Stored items

(* Let $1\le d_1\le d_2$, let $G=(V,E)$ be a finite connected undirected unweighted $(d_1,d_2)$-bidegreed graph with $n$ vertices, and let $\alpha=d_2/d_1$. Then for every $\lambda\in[0,1]$ and every initial mutant set $S_0\subseteq V$, the expected absorption time of the $\lambda$-mixed Moran process with fitness $r$ is at most $O_r(n^4\alpha^2)$ if $r\ne 1$ (i.e., at most $C_r n^4\alpha^2$ with $C_r$ depending only on $r$), and at most $O(n^4\alpha^4)$ if $r=1$.
   Context: A graph is $(d_1,d_2)$-bidegreed, $d_1\le d_2$, if every vertex has degree in $\{d_1,d_2\}$. The $\lambda$-mixed Moran process on a connected graph $G=(V,E)$ with $n=|V|\ge 2$: each vertex hosts a resident (fitness $1$) or mutant (fitness $r>0$); the state is the mutant set $S_t\subseteq V$. Each step, independently: with probability $\lambda$ a Birth-death step (a vertex $u$ chosen with probability proportional to fitness among all vertices; a uniformly random neighbor of $u$ takes $u$'s type); with probability $1-\lambda$ a death-Birth step (a uniformly random vertex $v$ dies; a neighbor $u$ of $v$ chosen with probability proportional to fitness among the neighbors of $v$; $v$ takes $u$'s type). The absorption time is the expected number of steps until $S_t\in\{\emptyset,V\}$. *)

theory Defs
  imports "HOL-Analysis.Analysis"
begin

definition nbrs :: "nat set \<Rightarrow> (nat \<Rightarrow> nat \<Rightarrow> bool) \<Rightarrow> nat \<Rightarrow> nat set" where
  "nbrs V E v = {u \<in> V. E v u}"

definition deg :: "nat set \<Rightarrow> (nat \<Rightarrow> nat \<Rightarrow> bool) \<Rightarrow> nat \<Rightarrow> nat" where
  "deg V E v = card (nbrs V E v)"

definition simple_graph :: "nat set \<Rightarrow> (nat \<Rightarrow> nat \<Rightarrow> bool) \<Rightarrow> bool" where
  "simple_graph V E \<longleftrightarrow> finite V \<and> (\<forall>u v. E u v \<longrightarrow> u \<in> V \<and> v \<in> V)
     \<and> (\<forall>u v. E u v \<longrightarrow> E v u) \<and> (\<forall>v. \<not> E v v)"

definition connected_graph :: "nat set \<Rightarrow> (nat \<Rightarrow> nat \<Rightarrow> bool) \<Rightarrow> bool" where
  "connected_graph V E \<longleftrightarrow> (\<forall>u\<in>V. \<forall>v\<in>V. E\<^sup>*\<^sup>* u v)"

definition bidegreed :: "nat set \<Rightarrow> (nat \<Rightarrow> nat \<Rightarrow> bool) \<Rightarrow> nat \<Rightarrow> nat \<Rightarrow> bool" where
  "bidegreed V E d1 d2 \<longleftrightarrow> d1 \<le> d2 \<and> (\<forall>v\<in>V. deg V E v \<in> {d1, d2})"

definition fit :: "real \<Rightarrow> nat set \<Rightarrow> nat \<Rightarrow> real" where
  "fit r S u = (if u \<in> S then r else 1)"

definition upd :: "nat set \<Rightarrow> nat \<Rightarrow> nat \<Rightarrow> nat set" where
  "upd S u v = (if u \<in> S then insert v S else S - {v})"

definition trans_prob ::
  "nat set \<Rightarrow> (nat \<Rightarrow> nat \<Rightarrow> bool) \<Rightarrow> real \<Rightarrow> real \<Rightarrow> nat set \<Rightarrow> nat set \<Rightarrow> real" where
  "trans_prob V E r lam S S' =
     lam * (\<Sum>u\<in>V. \<Sum>v\<in>nbrs V E u.
        (fit r S u / (\<Sum>w\<in>V. fit r S w)) * (1 / real (deg V E u)) *
        (if upd S u v = S' then 1 else 0))
   + (1 - lam) * (\<Sum>v\<in>V. \<Sum>u\<in>nbrs V E v.
        (1 / real (card V)) * (fit r S u / (\<Sum>w\<in>nbrs V E v. fit r S w)) *
        (if upd S u v = S' then 1 else 0))"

- _TASK_
Retype the records in their entirety, matching each one exactly.

- _ANSWER TO THIS EXERCISE_
(* Let $1\le d_1\le d_2$, let $G=(V,E)$ be a finite connected undirected unweighted $(d_1,d_2)$-bidegreed graph with $n$ vertices, and let $\alpha=d_2/d_1$. Then for every $\lambda\in[0,1]$ and every initial mutant set $S_0\subseteq V$, the expected absorption time of the $\lambda$-mixed Moran process with fitness $r$ is at most $O_r(n^4\alpha^2)$ if $r\ne 1$ (i.e., at most $C_r n^4\alpha^2$ with $C_r$ depending only on $r$), and at most $O(n^4\alpha^4)$ if $r=1$.
   Context: A graph is $(d_1,d_2)$-bidegreed, $d_1\le d_2$, if every vertex has degree in $\{d_1,d_2\}$. The $\lambda$-mixed Moran process on a connected graph $G=(V,E)$ with $n=|V|\ge 2$: each vertex hosts a resident (fitness $1$) or mutant (fitness $r>0$); the state is the mutant set $S_t\subseteq V$. Each step, independently: with probability $\lambda$ a Birth-death step (a vertex $u$ chosen with probability proportional to fitness among all vertices; a uniformly random neighbor of $u$ takes $u$'s type); with probability $1-\lambda$ a death-Birth step (a uniformly random vertex $v$ dies; a neighbor $u$ of $v$ chosen with probability proportional to fitness among the neighbors of $v$; $v$ takes $u$'s type). The absorption time is the expected number of steps until $S_t\in\{\emptyset,V\}$. *)

theory Defs
  imports "HOL-Analysis.Analysis"
begin

definition nbrs :: "nat set \<Rightarrow> (nat \<Rightarrow> nat \<Rightarrow> bool) \<Rightarrow> nat \<Rightarrow> nat set" where
  "nbrs V E v = {u \<in> V. E v u}"

definition deg :: "nat set \<Rightarrow> (nat \<Rightarrow> nat \<Rightarrow> bool) \<Rightarrow> nat \<Rightarrow> nat" where
  "deg V E v = card (nbrs V E v)"

definition simple_graph :: "nat set \<Rightarrow> (nat \<Rightarrow> nat \<Rightarrow> bool) \<Rightarrow> bool" where
  "simple_graph V E \<longleftrightarrow> finite V \<and> (\<forall>u v. E u v \<longrightarrow> u \<in> V \<and> v \<in> V)
     \<and> (\<forall>u v. E u v \<longrightarrow> E v u) \<and> (\<forall>v. \<not> E v v)"

definition connected_graph :: "nat set \<Rightarrow> (nat \<Rightarrow> nat \<Rightarrow> bool) \<Rightarrow> bool" where
  "connected_graph V E \<longleftrightarrow> (\<forall>u\<in>V. \<forall>v\<in>V. E\<^sup>*\<^sup>* u v)"

definition bidegreed :: "nat set \<Rightarrow> (nat \<Rightarrow> nat \<Rightarrow> bool) \<Rightarrow> nat \<Rightarrow> nat \<Rightarrow> bool" where
  "bidegreed V E d1 d2 \<longleftrightarrow> d1 \<le> d2 \<and> (\<forall>v\<in>V. deg V E v \<in> {d1, d2})"

definition fit :: "real \<Rightarrow> nat set \<Rightarrow> nat \<Rightarrow> real" where
  "fit r S u = (if u \<in> S then r else 1)"

definition upd :: "nat set \<Rightarrow> nat \<Rightarrow> nat \<Rightarrow> nat set" where
  "upd S u v = (if u \<in> S then insert v S else S - {v})"

definition trans_prob ::
  "nat set \<Rightarrow> (nat \<Rightarrow> nat \<Rightarrow> bool) \<Rightarrow> real \<Rightarrow> real \<Rightarrow> nat set \<Rightarrow> nat set \<Rightarrow> real" where
  "trans_prob V E r lam S S' =
     lam * (\<Sum>u\<in>V. \<Sum>v\<in>nbrs V E u.
        (fit r S u / (\<Sum>w\<in>V. fit r S w)) * (1 / real (deg V E u)) *
        (if upd S u v = S' then 1 else 0))
   + (1 - lam) * (\<Sum>v\<in>V. \<Sum>u\<in>nbrs V E v.
        (1 / real (card V)) * (fit r S u / (\<Sum>w\<in>nbrs V E v. fit r S w)) *
        (if upd S u v = S' then 1 else 0))"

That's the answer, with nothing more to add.